▶ _Task objective_
Each line from the one containing "(\<forall>u v w." through the final line of the data below must be repeated exactly.
*** Opening of Records for the exercise ***
(* For every $r=(r_1,r_2,r_3)\in\mathbb R_{>0}^3$ one has $\dim V_{\pi_{\omega_1}}^H=\dim V_{\pi_{\omega_2}}^H=1$, and $\pi_{\omega_1}$ and $\pi_{\omega_2}$ contribute to $\operatorname{Spec}(G/H,g_r)$ the eigenvalues $$\lambda^{\pi_{\omega_1}}(r)=\tfrac13r_1^2+\tfrac16r_2^2\qquad\text{and}\qquad \lambda^{\pi_{\omega_2}}(r)=\tfrac1{12}r_1^2+\tfrac16r_2^2+\tfrac34r_3^2,$$ with multiplicities $7$ and $14$ respectively.
   Context: Setting: $G\subset\mathrm{SO}(7)$ the compact connected group of type $G_2$, maximal torus $T$, $\mathfrak t_\mathbb C^*=\{\sum a_i\varepsilon_i:\sum a_i=0\}$, positive roots $\varepsilon_2-\varepsilon_3,\ \varepsilon_1-2\varepsilon_2+\varepsilon_3,\ \varepsilon_1-\varepsilon_2,\ \varepsilon_1+\varepsilon_2-2\varepsilon_3,\ \varepsilon_1-\varepsilon_3,\ 2\varepsilon_1-\varepsilon_2-\varepsilon_3$ (first two simple), root spaces $\mathfrak g_\alpha$. $H\cong\mathrm U(2)$ the connected subgroup with $\mathfrak h_\mathbb C=\mathfrak t_\mathbb C\oplus\mathfrak g_{\pm(\varepsilon_1+\varepsilon_2-2\varepsilon_3)}$, so $G/H\cong\mathrm{Gr}(2,7)=\mathrm{SO}(7)/(\mathrm{SO}(5)\times\mathrm{SO}(2))$. $K\cong\mathrm{SU}(3)$ the connected subgroup containing $T$ with roots $\pm(\varepsilon_1-2\varepsilon_2+\varepsilon_3),\pm(\varepsilon_1+\varepsilon_2-2\varepsilon_3),\pm(2\varepsilon_1-\varepsilon_2-\varepsilon_3)$. $\langle\cdot,\cdot\rangle=-B_\mathfrak g$ (negative Killing form). Real subspaces $\mathfrak p_1,\mathfrak p_2,\mathfrak p_3$ with $(\mathfrak p_1)_\mathbb C=\mathfrak g_{\pm(\varepsilon_1-\varepsilon_3)}\oplus\mathfrak g_{\pm(\varepsilon_2-\varepsilon_3)}$, $(\mathfrak p_2)_\mathbb C=\mathfrak g_{\pm(\varepsilon_1-\varepsilon_2)}$, $(\mathfrak p_3)_\mathbb C=\mathfrak g_{\pm(\varepsilon_1-2\varepsilon_2+\varepsilon_3)}\oplus\mathfrak g_{\pm(2\varepsilon_1-\varepsilon_2-\varepsilon_3)}$; $g_r$ ($r\in\mathbb R^3_{>0}$) is the $G$-invariant metric on $G/H$ induced by $\sum_h r_h^{-2}\langle\cdot,\cdot\rangle|_{\mathfrak p_h}$ on $\mathfrak p=\mathfrak p_1\oplus\mathfrak p_2\oplus\mathfrak p_3$. $\pi_\Lambda$ denotes the irreducible representation of $G$ with highest weight $\Lambda$; $\omega_1=\varepsilon_1-\varepsilon_3$ and $\omega_2=2\varepsilon_1-\varepsilon_2-\varepsilon_3$ are the fundamental weights ($\pi_{\omega_1}$ is the 7-dimensional standard representation, $\pi_{\omega_2}$ the 14-dimensional adjoint representation). Spectrum: for a $G$-invariant metric $g$ on $G/H$ given by an $\mathrm{Ad}(H)$-invariant inner product on $\mathfrak p$ with orthonormal basis $X_1,\dots,X_n$, $\operatorname{Spec}(G/H,g)$ is the union over irreducible representations $(\pi,V_\pi)$ of $G$ of the eigenvalues of the self-adjoint operator $-\sum_i\pi(X_i)^2$ restricted to $V_\pi^H$ (the $H$-fixed vectors), each counted $\dim V_\pi$ times. "$\pi$ contributes the eigenvalue $\lambda$ with multiplicity $\dim V_\pi$" means $\dim V_\pi^H=1$ and this operator acts on $V_\pi^H$ by $\lambda$. *)

theory Defs
  imports "HOL-Analysis.Analysis"
begin

text \<open>Index set of R^7.  Coordinates: I0 = t (the real line), and
  (I1,I2), (I3,I4), (I5,I6) = (x_j, y_j) real coordinates of z_j = x_j + i y_j in C^3,
  so that R^7 = R + C^3.\<close>

datatype i7 = I0 | I1 | I2 | I3 | I4 | I5 | I6

lemma UNIV_i7: "(UNIV :: i7 set) = {I0, I1, I2, I3, I4, I5, I6}"
  by (auto intro: i7.exhaust)

instance i7 :: finite
proof
  show "finite (UNIV :: i7 set)" by (simp add: UNIV_i7)
qed

type_synonym vec7 = "real^i7"
type_synonym mat7 = "real^i7^i7"

definition det3 :: "real \<Rightarrow> real \<Rightarrow> real \<Rightarrow> real \<Rightarrow> real \<Rightarrow> real \<Rightarrow> real \<Rightarrow> real \<Rightarrow> real \<Rightarrow> real" where
  "det3 a b c d e f g h k = a * (e * k - f * h) - b * (d * k - f * g) + c * (d * h - e * g)"

definition wedge3 :: "i7 \<Rightarrow> i7 \<Rightarrow> i7 \<Rightarrow> vec7 \<Rightarrow> vec7 \<Rightarrow> vec7 \<Rightarrow> real" where
  "wedge3 i j k u v w = det3 (u$i) (u$j) (u$k) (v$i) (v$j) (v$k) (w$i) (w$j) (w$k)"

text \<open>The G2 3-form  phi = dt /\ omega + Re(dz1 /\ dz2 /\ dz3),
  omega = sum_j dx_j /\ dy_j.\<close>
definition phi3 :: "vec7 \<Rightarrow> vec7 \<Rightarrow> vec7 \<Rightarrow> real" where
  "phi3 u v w =
     wedge3 I0 I1 I2 u v w + wedge3 I0 I3 I4 u v w + wedge3 I0 I5 I6 u v w
   + wedge3 I1 I3 I5 u v w - wedge3 I1 I4 I6 u v w - wedge3 I2 I3 I6 u v w
   - wedge3 I2 I4 I5 u v w"

text \<open>g2 = Lie algebra of G = stabilizer of phi in SO(7).\<close>
definition g2 :: "mat7 set" where
  "g2 = {A. transpose A = - A \<and>
            (\<forall>u v w. phi3 (A *v u) v w + phi3 u (A *v v) w + phi3 u v (A *v w) = 0)}"

definition lbr :: "mat7 \<Rightarrow> mat7 \<Rightarrow> mat7" where
  "lbr X Y = X ** Y - Y ** X"

text \<open>Trace of a linear endomorphism f of a subspace S of a Euclidean space,
  computed in an orthonormal basis of S (independent of the choice).\<close>
definition trace_on :: "'a::euclidean_space set \<Rightarrow> ('a \<Rightarrow> 'a) \<Rightarrow> real" where
  "trace_on S f = (SOME t. \<exists>B. B \<subseteq> S \<and> pairwise orthogonal B \<and> (\<forall>x\<in>B. norm x = 1) \<and>
                     independent B \<and> span B = S \<and> t = (\<Sum>b\<in>B. inner b (f b)))"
*** Close of Records for the exercise ***
▶ _Expected answer_
            (\<forall>u v w. phi3 (A *v u) v w + phi3 u (A *v v) w + phi3 u v (A *v w) = 0)}"

definition lbr :: "mat7 \<Rightarrow> mat7 \<Rightarrow> mat7" where
  "lbr X Y = X ** Y - Y ** X"

text \<open>Trace of a linear endomorphism f of a subspace S of a Euclidean space,
  computed in an orthonormal basis of S (independent of the choice).\<close>
definition trace_on :: "'a::euclidean_space set \<Rightarrow> ('a \<Rightarrow> 'a) \<Rightarrow> real" where
  "trace_on S f = (SOME t. \<exists>B. B \<subseteq> S \<and> pairwise orthogonal B \<and> (\<forall>x\<in>B. norm x = 1) \<and>
                     independent B \<and> span B = S \<and> t = (\<Sum>b\<in>B. inner b (f b)))"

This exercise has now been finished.